Write only the number of lines in the data that contain the word "auto".

Extracted records
━━━━━━━━━━━━━━━━

text \<open>Along a subsequence of stages that pairwise agree on at least half of M, strong
  ergodicity forces almost full agreement, so the approximants of each y form a Cauchy sequence.\<close>
lemma agreeing_subsequence_Cauchy:
  fixes s :: "nat \<Rightarrow> nat"
  assumes s: "strict_mono s" and large: "\<And>j l. j \<noteq> l \<Longrightarrow> 1/2 \<le> measure M (agree (s j) (s l))"
    and y: "y \<in> space N" and e: "e > 0"
  shows "\<exists>J. \<forall>j\<ge>J. \<forall>l\<ge>J. measure M (sym_diff (approx (s j) y) (approx (s l) y)) < e"
proof -
  let ?n = "real (card (space N))"
  obtain K1 where K1: "\<And>m k. K1 \<le> m \<Longrightarrow> K1 \<le> k \<Longrightarrow> measure M (agree m k) * (1 - measure M (agree m k)) < e / 4"
    using agree_trivial[of "e / 4"] e by auto
  have "(\<lambda>m. ?n * eps m) \<longlonglongrightarrow> ?n * 0" by (intro tendsto_intros eps_tendsto)
  then have "eventually (\<lambda>m. ?n * eps m < e / 4) sequentially"
    using e by (intro order_tendstoD(2)) auto
  then obtain K2 where K2: "\<And>m. K2 \<le> m \<Longrightarrow> ?n * eps m < e / 4"
    unfolding eventually_sequentially by blast
  have "measure M (sym_diff (approx (s j) y) (approx (s l) y)) < e"
    if jl: "max K1 K2 \<le> j" "max K1 K2 \<le> l" for j l
  proof (cases "j = l")
    case False
    let ?a = "measure M (agree (s j) (s l))"
    have "max K1 K2 \<le> s j" "max K1 K2 \<le> s l" using jl seq_suble[OF s] le_trans by blast+
    then have "?a * (1 - ?a) < e / 4" "?n * eps (s j) < e / 4" "?n * eps (s l) < e / 4"
      using K1 K2 by auto
    moreover have "1 - ?a \<le> 2 * (?a * (1 - ?a))"
      using le_twice_product(2)[of ?a] large[OF False] M.prob_le_1 by simp
    ultimately show ?thesis using approx_sym_diff_le_disagreement[OF y, of "s j" "s l"] by linarith
  qed (use e in simp)
  then show ?thesis by blast
qed
lemma Tm_admissible_heights_monomial:
  assumes heights: "admissible_heights X Y k" and top: "height X Y k = 1" and u: "u \<noteq> 0"
  shows "Tm beta u k X Y True False =
    (- u / beta) ^ card {i\<in>{1..k}. i \<in> X \<and> i \<in> Y} * u ^ card {i\<in>{1..k}. i \<notin> X \<and> i \<notin> Y} *
    (- inverse beta - inverse (u\<^sup>2)) ^ card {i\<in>{1..k}. i \<notin> X \<and> i \<notin> Y \<and> height X Y i = 1}"
proof -
  let ?p = "\<lambda>i. height X Y i = 1"
  have path: "admissible_path X Y k ?p"
    by (rule admissible_heights_path[OF heights])
  have "Tm beta u k X Y True False = (\<Prod>i=1..k. Lent beta u (?p i) (?p (i - 1)) (i \<in> X) (i \<in> Y))"
    using Tm_admissible_path[OF path, of beta u] top by simp
  also have "\<dots> = (\<Prod>i=1..k. (if i \<in> X \<and> i \<in> Y then - u / beta else 1) *
      (if i \<notin> X \<and> i \<notin> Y then u else 1) *
      (if i \<notin> X \<and> i \<notin> Y \<and> ?p i then - inverse beta - inverse (u\<^sup>2) else 1))"
    using path u by (intro prod.cong refl) (simp add: admissible_path_def Lent_admissible_factors)
  finally show ?thesis
    by (simp add: prod.distrib prod.inter_filter[symmetric])
qed

lemma admissible_heights_sum:
  assumes heights: "admissible_heights X Y k" and Y: "Y \<subseteq> {1..k}"
  shows "(\<Sum>i=1..k. height X Y i) =
    int (card {i\<in>{1..k}. i \<notin> X \<and> i \<notin> Y \<and> height X Y i = 1}) + int (card Y)"
proof -
  let ?E = "{i\<in>{1..k}. i \<notin> X \<and> i \<notin> Y \<and> height X Y i = 1}"
  have path: "admissible_path X Y k (\<lambda>i. height X Y i = 1)"
    by (rule admissible_heights_path[OF heights])
  have "{i\<in>{1..k}. height X Y i = 1} = ?E \<union> Y"
    using path Y by (auto simp: admissible_path_def admissible_def)
  then have card: "card {i\<in>{1..k}. height X Y i = 1} = card ?E + card Y"
    by (simp only:) (rule card_Un_disjoint, auto intro: finite_subset[OF Y])
  have "(\<Sum>i=1..k. height X Y i) = (\<Sum>i=1..k. of_bool (height X Y i = 1))"
    using heights by (intro sum.cong refl) (auto simp: admissible_heights_def)
  also have "\<dots> = int (card {i\<in>{1..k}. height X Y i = 1})"
    by (simp add: Int_def conj_commute)
  finally show ?thesis
    using card by simp
qed
lemma delta_decomp_init_seg_first:
  assumes "delta_decomp n r m S Gs" "2 \<le> n" "r < m"
  shows "init_seg (Gs ! 0) S"
proof -
  obtain P where "finite S" and P: "\<And>j. j \<le> n \<Longrightarrow> init_seg (P j) S"
    "\<And>j. j \<le> n \<Longrightarrow> card (P j) = r + j * (m - r)"
    "\<And>j. j < n \<Longrightarrow> Gs ! j = P 0 \<union> (P (Suc j) - P j)" "P 1 = Gs ! 0"
    using delta_decomp_prefixes[OF assms] by blast
  then show ?thesis using P(1)[of 1] assms(2) by simp
qed

lemma delta_decomp_unique:
  assumes "delta_decomp n r m S Gs" "delta_decomp n r m S Gs'" "2 \<le> n" "r < m"
  shows "Gs = Gs'"
proof -
  obtain P where "finite S" and P: "\<And>j. j \<le> n \<Longrightarrow> init_seg (P j) S"
    "\<And>j. j \<le> n \<Longrightarrow> card (P j) = r + j * (m - r)"
    "\<And>j. j < n \<Longrightarrow> Gs ! j = P 0 \<union> (P (Suc j) - P j)" "P 1 = Gs ! 0"
    using delta_decomp_prefixes[OF assms(1,3,4)] by blast
  obtain P' where "finite S" and P': "\<And>j. j \<le> n \<Longrightarrow> init_seg (P' j) S"
    "\<And>j. j \<le> n \<Longrightarrow> card (P' j) = r + j * (m - r)"
    "\<And>j. j < n \<Longrightarrow> Gs' ! j = P' 0 \<union> (P' (Suc j) - P' j)" "P' 1 = Gs' ! 0"
    using delta_decomp_prefixes[OF assms(2,3,4)] by blast
  have "P j = P' j" if "j \<le> n" for j
    using init_seg_card_eq[OF P(1) P'(1) \<open>finite S\<close>] P(2) P'(2) that by simp
  then have "Gs ! j = Gs' ! j" if "j < n" for j
    using P(3) P'(3) that by simp
  moreover have "length Gs = n" "length Gs' = n" using assms(1,2) unfolding delta_decomp_def by blast+
  ultimately show ?thesis by (simp add: nth_equalityI)
qed

lemma delta_decomp_image:
  assumes "delta_decomp n r m S Gs" "0 < n" "strict_mono g"
  shows "delta_decomp n r m (g ` S) (map ((`) g) Gs)"
proof -
  have inj: "inj g" using assms(3) strict_mono_imp_inj_on by blast
  have len: "length Gs = n" and G: "\<forall>G\<in>set Gs. finite G \<and> card G = m" and S: "S = \<Union>(set Gs)"
    using assms(1) unfolding delta_decomp_def by blast+
  obtain R where R: "\<forall>i<n. \<forall>j<n. i \<noteq> j \<longrightarrow> Gs ! i \<inter> Gs ! j = R" "card R = r"
    "set_less R (Gs ! 0 - R)" "\<forall>i. Suc i < n \<longrightarrow> set_less (Gs ! i - R) (Gs ! Suc i - R)"
    using assms(1) unfolding delta_decomp_def by blast
  have "\<forall>i<n. \<forall>j<n. i \<noteq> j \<longrightarrow> g ` (Gs ! i) \<inter> g ` (Gs ! j) = g ` R"
    using R(1) by (simp add: image_Int[OF inj, symmetric])
  moreover have "card (g ` R) = r" using R(2) inj by (simp add: card_image inj_on_subset)
  moreover have "set_less (g ` R) (g ` (Gs ! 0) - g ` R)"
    using set_less_image[OF assms(3) R(3)] by (simp add: image_set_diff[OF inj])
  moreover have "\<forall>i. Suc i < n \<longrightarrow> set_less (g ` (Gs ! i) - g ` R) (g ` (Gs ! Suc i) - g ` R)"
    unfolding image_set_diff[OF inj, symmetric] using R(4) by (blast intro: set_less_image[OF assms(3)])
  moreover have "\<forall>G\<in>set Gs. finite (g ` G) \<and> card (g ` G) = m"
    using G inj by (simp add: card_image inj_on_subset)
  ultimately show ?thesis
    unfolding delta_decomp_def using len S assms(2) by (auto simp: image_Union)
qed
lemma vc_spars_induced_cut_less:
  assumes G: "vc_graph V E lv le uv ue A" and cut: "ec_cut (h * s) V E C"
    and sparse: "ec_spars h s V E lv le uv ue C A < ereal \<phi>"
  shows "vc_spars h s V E lv le uv ue (induced_vertex_cut C) (induced_edge_cut C) A < ereal \<phi>"
proof -
  define H where "H = h * s"
  define Cv where "Cv = induced_vertex_cut C"
  define Ce where "Ce = induced_edge_cut C"
  define Lv where "Lv = (\<lambda>c v. real (lv v) + c * Cv v)"
  define Le where "Le = (\<lambda>c e. real (le e) + c * Ce e)"
  have "finite V" and edges: "\<forall>e\<in>E. \<exists>a b. a \<in> V \<and> b \<in> V \<and> a \<noteq> b \<and> e = {a, b}"
    using G by (auto simp: vc_graph_def)
  have vcut: "vc_cut (h * s) V E Cv Ce"
    unfolding Cv_def Ce_def by (rule vc_cut_induced_cut[OF cut edges])
  have len_nonneg: "\<forall>v\<in>V. 0 \<le> Lv c v" "\<forall>e\<in>E. 0 \<le> Le c e" if "0 \<le> c" for c
    using that vc_cut_nonneg[OF vcut] by (simp_all add: Lv_def Le_def)
  have lengths0: "(\<lambda>x. real (ec_weight lv le x)) = ec_weight (Lv 0) (Le 0)"
    by (simp add: fun_eq_iff Lv_def Le_def ec_weight_def)
  obtain D' where D': "demand_ok (ec_vertices V) (di_dist (ec_vertices V) (ec_arcs V E) (ec_weight (Lv 0) (Le 0)))
        (ec_A A) h D'"
    and "symmetric_demand D'"
    and sparse_D': "spars_val (ec_cut_size V E uv ue C)
      (sep (ec_vertices V) (di_dist (ec_vertices V) (ec_arcs V E) (\<lambda>x. real (ec_weight lv le x) + real H * C x)) H D')
      < ereal \<phi>"
    using sparse unfolding ec_spars_def Let_def INF_less_iff H_def lengths0 by auto
  define D where "D = (\<lambda>v w. D' (v, Mid) (w, Mid))"
  have D'_eq: "D' = mid_demand D"
    and D: "demand_ok V (vc_dist V E (Lv 0) (Le 0)) A h D"
    unfolding D_def using demand_ok_project[OF \<open>finite V\<close> len_nonneg D' \<open>symmetric_demand D'\<close>] by simp_all
  have "vc_spars h s V E lv le uv ue Cv Ce A
      \<le> spars_val (vc_cut_size V E uv ue Cv Ce) (sep V (vc_dist V E (Lv (real H)) (Le (real H))) H D)"
    using D unfolding vc_spars_def Let_def H_def Lv_def Le_def by (intro INF_lower) simp
  also have "\<dots> < ereal (1 * \<phi>)"
  proof (rule spars_val_less_scaled[OF sparse_D'])
    show "0 \<le> sep (ec_vertices V) (di_dist (ec_vertices V) (ec_arcs V E) (\<lambda>x. real (ec_weight lv le x) + real H * C x)) H D'"
      using D' by (intro sep_nonneg demand_ok_nonneg)
    have "real (ec_weight lv le x) + real H * C x \<le> ec_weight (Lv (real H)) (Le (real H)) x"
      if "x \<in> ec_arcs V E" for x
      using cut_length_le_induced_cut_length[OF that] by (simp add: Lv_def Le_def Cv_def Ce_def)
    then show "sep (ec_vertices V) (di_dist (ec_vertices V) (ec_arcs V E) (\<lambda>x. real (ec_weight lv le x) + real H * C x)) H D'
        \<le> sep V (vc_dist V E (Lv (real H)) (Le (real H))) H D"
      unfolding D'_eq using len_nonneg D by (intro sep_project demand_ok_nonneg \<open>finite V\<close>) auto
    show "0 \<le> vc_cut_size V E uv ue Cv Ce"
      by (rule vc_cut_size_nonneg[OF vcut])
    show "vc_cut_size V E uv ue Cv Ce \<le> 1 * ec_cut_size V E uv ue C"
      unfolding Cv_def Ce_def using vc_cut_size_induced_cut_le[OF \<open>finite V\<close> edges ec_cut_nonneg[OF cut]] by simp
  qed simp
  finally show ?thesis
    by (simp add: Cv_def Ce_def)
qed

theorem lemma4p8:
  fixes V :: "'v set" and E :: "'v set set"
    and lv uv :: "'v \<Rightarrow> nat" and le ue :: "'v set \<Rightarrow> nat"
    and A :: "'v \<Rightarrow> real" and h s :: nat and \<phi> :: real
  assumes "vc_graph V E lv le uv ue A" and "0 < h" and "0 < s"
  shows "((\<exists>Cv Ce. vc_cut (h * s) V E Cv Ce \<and> vc_spars h s V E lv le uv ue Cv Ce A < ereal \<phi>)
            \<longrightarrow> (\<exists>C'. ec_cut (h * s) V E C' \<and> ec_spars h s V E lv le uv ue C' A < ereal (3 * \<phi>)))
       \<and> ((\<exists>C'. ec_cut (h * s) V E C' \<and> ec_spars h s V E lv le uv ue C' A < ereal \<phi>)
            \<longrightarrow> (\<exists>Cv Ce. vc_cut (h * s) V E Cv Ce \<and> vc_spars h s V E lv le uv ue Cv Ce A < ereal \<phi>))"
proof (intro conjI impI; elim exE conjE)
  fix Cv Ce
  assume cut: "vc_cut (h * s) V E Cv Ce" and sparse: "vc_spars h s V E lv le uv ue Cv Ce A < ereal \<phi>"
  show "\<exists>C'. ec_cut (h * s) V E C' \<and> ec_spars h s V E lv le uv ue C' A < ereal (3 * \<phi>)"
    using ec_cut_ec_weight[OF cut] ec_spars_ec_weight_less[OF assms(1) cut sparse] by blast
next
  fix C'
  assume cut: "ec_cut (h * s) V E C'" and sparse: "ec_spars h s V E lv le uv ue C' A < ereal \<phi>"
  have "\<forall>e\<in>E. \<exists>a b. a \<in> V \<and> b \<in> V \<and> a \<noteq> b \<and> e = {a, b}"
    using assms(1) by (simp add: vc_graph_def)
  then show "\<exists>Cv Ce. vc_cut (h * s) V E Cv Ce \<and> vc_spars h s V E lv le uv ue Cv Ce A < ereal \<phi>"
    using vc_cut_induced_cut[OF cut] vc_spars_induced_cut_less[OF assms(1) cut sparse] by blast
qed

end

━━━━━━━━━━━━━━━━

Your solution: 10